Changes in Internal Controls Over Financial Reporting
An evaluation was performed under the supervision of the Company’s management, including the Principal Executive Officer and Principal Financial Officer, of whether any change in the Company’s internal control over financial reporting (as defined in Exchange Act Rules 13a-15(f) and 15d-15(f)) occurred during the quarter ended
June 30, 2017
. Based on that evaluation, the Company’s management, including the Principal Executive Officer and Principal Financial Officer, concluded that no significant
changes in the Company’s internal controls over financial reporting occurred during the quarter ended
June 30, 2017
that has materially affected, or is reasonably likely to materially affect, the Company’s internal control over financial reporting.

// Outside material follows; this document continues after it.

(* In the setting described in the context, let $X\in\mathcal{K}(\mathbb{R}^n)$ satisfy $X\cap\mathcal{D}_{\mathcal{A}}=\emptyset$, and let $(X_k)_{k\in\mathbb{Z}_+}\subset\mathcal{K}(\mathbb{R}^n)$ converge to $X$ in the Hausdorff distance. Then $\lim_{k\to\infty}\mathcal{V}(X_k)=\infty$.
   Context: Let $\|\cdot\|$ be a norm on $\mathbb{R}^n$ and $\mathrm{dist}(x,\Omega):=\inf_{y\in\Omega}\|x-y\|$. Let $\mathcal{K}(\mathbb{R}^n)$ denote the nonempty compact subsets of $\mathbb{R}^n$, with Hausdorff distance $d_H(X,Y):=\max\{\sup_{x\in X}\mathrm{dist}(x,Y),\sup_{y\in Y}\mathrm{dist}(y,X)\}$. Consider $x_{k+1}=f(x_k,u_k)$ with $f:\mathbb{R}^n\times\mathbb{R}^m\to\mathbb{R}^n$ continuous and inputs $u_k\in U$, $U\subset\mathbb{R}^m$ nonempty compact. For $x\in\mathbb{R}^n$ and $\pi:\mathbb{Z}_+\to U$, $\varphi_x^\pi(0)=x$, $\varphi_x^\pi(k+1)=f(\varphi_x^\pi(k),\pi(k))$; $\mathcal{R}(X,k):=\{\varphi_x^\pi(k):x\in X,\pi\in U^{\mathbb{Z}_+}\}$. Let $\mathcal{A}\in\mathcal{K}(\mathbb{R}^n)$ be controlled invariant. Assume local $\ell_p$-stabilizability: there exist $r>0$, $M\ge1$, $p>0$, $\lambda:[0,r]\times\mathbb{Z}_+\to\mathbb{R}_+$ such that (1) for each $k$, $s\mapsto\lambda(s,k)$ is continuous, nondecreasing, $\lambda(0,k)=0$; for each $s$, $k\mapsto\lambda(s,k)$ is nonincreasing, $\lambda(s,0)\le s$; (2) $\sum_{k}\lambda(r,k)^p<\infty$; (3) for every $x$ with $\mathrm{dist}(x,\mathcal{A})\le r$ there is $\pi\in U^{\mathbb{Z}_+}$ with $\mathrm{dist}(\varphi_x^\pi(k),\mathcal{A})\le M\lambda(\mathrm{dist}(x,\mathcal{A}),k)$ for all $k$. Let $\mathcal{D}_{\mathcal{A}}:=\{x:\exists\pi\in U^{\mathbb{Z}_+},\ \lim_{k\to\infty}\mathrm{dist}(\varphi_x^\pi(k),\mathcal{A})=0\}$. Let $\alpha:\mathbb{R}^n\to\mathbb{R}_+$ be continuous with $\underline{\alpha}\,\mathrm{dist}(x,\mathcal{A})^{\bar p}\le\alpha(x)\le\overline{\alpha}\,\mathrm{dist}(x,\mathcal{A})^{\bar p}$, constants $\underline{\alpha},\overline{\alpha}>0$, $\bar p\ge p$. Define $\Psi(X):=\inf_{y\in X}\alpha(y)$ and $\mathcal{V}(X):=\sum_{k=0}^\infty\Psi(\mathcal{R}(X,k))\in[0,\infty]$. *)

theory Defs
  imports "HOL-Analysis.Analysis"
begin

Limitations on the Effectiveness of Controls
Our management, including our Principal Executive Officer and Principal Financial Officer, does not expect that the Company’s disclosure controls and procedures or the Company’s internal controls over financial reporting will prevent all errors and all fraud. A control system, no matter how well conceived and operated, can provide only reasonable, not absolute, assurance that the objectives of the control system are met. Further, the design of a control system must reflect the fact that there are resource constraints, and the benefits of controls must be considered relative to their costs. Because of the inherent limitations in all control systems, no evaluation of controls can provide absolute assurance that all control issues and instances of fraud, if any, within the Company have been detected.